Recorded data
##########
definition Lk_state :: "(real \<Rightarrow> complex) \<Rightarrow> (real \<Rightarrow> complex) \<Rightarrow> real \<Rightarrow> complex \<times> complex"
  where "Lk_state f f' x = (f x, complex_of_real (1 - x\<^sup>2) * f' x)"

lemma norm_Lk_state_power2:
  "(norm (Lk_state f f' x))\<^sup>2 = (cmod (f x))\<^sup>2 + (cmod (complex_of_real (1 - x\<^sup>2) * f' x))\<^sup>2"
  by (simp add: Lk_state_def norm_Pair)

definition Lk_coeff_bound :: "int \<Rightarrow> real \<Rightarrow> real \<Rightarrow> real"
  where "Lk_coeff_bound k x0 M = (1 + (real_of_int k)\<^sup>2) / (1 - x0\<^sup>2) + M"

lemma Lk_coeff_bounds:
  assumes "x0 < 1" "x \<in> {-x0..x0}" "cmod \<mu> \<le> M"
  shows "cmod (complex_of_real (1 / (1 - x\<^sup>2))) \<le> Lk_coeff_bound k x0 M"
    and "cmod (\<mu> + complex_of_real ((real_of_int k)\<^sup>2 / (1 - x\<^sup>2))) \<le> Lk_coeff_bound k x0 M"
proof -
  note w = one_minus_power2_bounds[OF assms(1,2)]
  have "0 \<le> M"
    using assms(3) norm_ge_zero order_trans by blast
  have "1 / (1 - x\<^sup>2) \<le> 1 / (1 - x0\<^sup>2)"
    using w by (simp add: frac_le)
  moreover have "(real_of_int k)\<^sup>2 / (1 - x\<^sup>2) \<le> (real_of_int k)\<^sup>2 / (1 - x0\<^sup>2)"
    using w by (simp add: frac_le)
  moreover have "cmod (complex_of_real (1 / (1 - x\<^sup>2))) = 1 / (1 - x\<^sup>2)"
    "cmod (complex_of_real ((real_of_int k)\<^sup>2 / (1 - x\<^sup>2))) = (real_of_int k)\<^sup>2 / (1 - x\<^sup>2)"
    using w by (simp_all only: norm_of_real) simp_all
  moreover have "0 \<le> 1 / (1 - x\<^sup>2)" "0 \<le> (real_of_int k)\<^sup>2 / (1 - x\<^sup>2)"
    using w by simp_all
  moreover have "(1 + (real_of_int k)\<^sup>2) / (1 - x0\<^sup>2) = 1 / (1 - x0\<^sup>2) + (real_of_int k)\<^sup>2 / (1 - x0\<^sup>2)"
    by (simp add: add_divide_distrib)
  ultimately show "cmod (complex_of_real (1 / (1 - x\<^sup>2))) \<le> Lk_coeff_bound k x0 M"
    and "cmod (\<mu> + complex_of_real ((real_of_int k)\<^sup>2 / (1 - x\<^sup>2))) \<le> Lk_coeff_bound k x0 M"
    using \<open>0 \<le> M\<close> assms(3) norm_triangle_ineq[of \<mu> "complex_of_real ((real_of_int k)\<^sup>2 / (1 - x\<^sup>2))"]
    unfolding Lk_coeff_bound_def by linarith+
qed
##########
Set all of the data down again exactly.

definition Lk_state :: "(real \<Rightarrow> complex) \<Rightarrow> (real \<Rightarrow> complex) \<Rightarrow> real \<Rightarrow> complex \<times> complex"
  where "Lk_state f f' x = (f x, complex_of_real (1 - x\<^sup>2) * f' x)"

lemma norm_Lk_state_power2:
  "(norm (Lk_state f f' x))\<^sup>2 = (cmod (f x))\<^sup>2 + (cmod (complex_of_real (1 - x\<^sup>2) * f' x))\<^sup>2"
  by (simp add: Lk_state_def norm_Pair)

definition Lk_coeff_bound :: "int \<Rightarrow> real \<Rightarrow> real \<Rightarrow> real"
  where "Lk_coeff_bound k x0 M = (1 + (real_of_int k)\<^sup>2) / (1 - x0\<^sup>2) + M"

lemma Lk_coeff_bounds:
  assumes "x0 < 1" "x \<in> {-x0..x0}" "cmod \<mu> \<le> M"
  shows "cmod (complex_of_real (1 / (1 - x\<^sup>2))) \<le> Lk_coeff_bound k x0 M"
    and "cmod (\<mu> + complex_of_real ((real_of_int k)\<^sup>2 / (1 - x\<^sup>2))) \<le> Lk_coeff_bound k x0 M"
proof -
  note w = one_minus_power2_bounds[OF assms(1,2)]
  have "0 \<le> M"
    using assms(3) norm_ge_zero order_trans by blast
  have "1 / (1 - x\<^sup>2) \<le> 1 / (1 - x0\<^sup>2)"
    using w by (simp add: frac_le)
  moreover have "(real_of_int k)\<^sup>2 / (1 - x\<^sup>2) \<le> (real_of_int k)\<^sup>2 / (1 - x0\<^sup>2)"
    using w by (simp add: frac_le)
  moreover have "cmod (complex_of_real (1 / (1 - x\<^sup>2))) = 1 / (1 - x\<^sup>2)"
    "cmod (complex_of_real ((real_of_int k)\<^sup>2 / (1 - x\<^sup>2))) = (real_of_int k)\<^sup>2 / (1 - x\<^sup>2)"
    using w by (simp_all only: norm_of_real) simp_all
  moreover have "0 \<le> 1 / (1 - x\<^sup>2)" "0 \<le> (real_of_int k)\<^sup>2 / (1 - x\<^sup>2)"
    using w by simp_all
  moreover have "(1 + (real_of_int k)\<^sup>2) / (1 - x0\<^sup>2) = 1 / (1 - x0\<^sup>2) + (real_of_int k)\<^sup>2 / (1 - x0\<^sup>2)"
    by (simp add: add_divide_distrib)
  ultimately show "cmod (complex_of_real (1 / (1 - x\<^sup>2))) \<le> Lk_coeff_bound k x0 M"
    and "cmod (\<mu> + complex_of_real ((real_of_int k)\<^sup>2 / (1 - x\<^sup>2))) \<le> Lk_coeff_bound k x0 M"
    using \<open>0 \<le> M\<close> assms(3) norm_triangle_ineq[of \<mu> "complex_of_real ((real_of_int k)\<^sup>2 / (1 - x\<^sup>2))"]
    unfolding Lk_coeff_bound_def by linarith+
qed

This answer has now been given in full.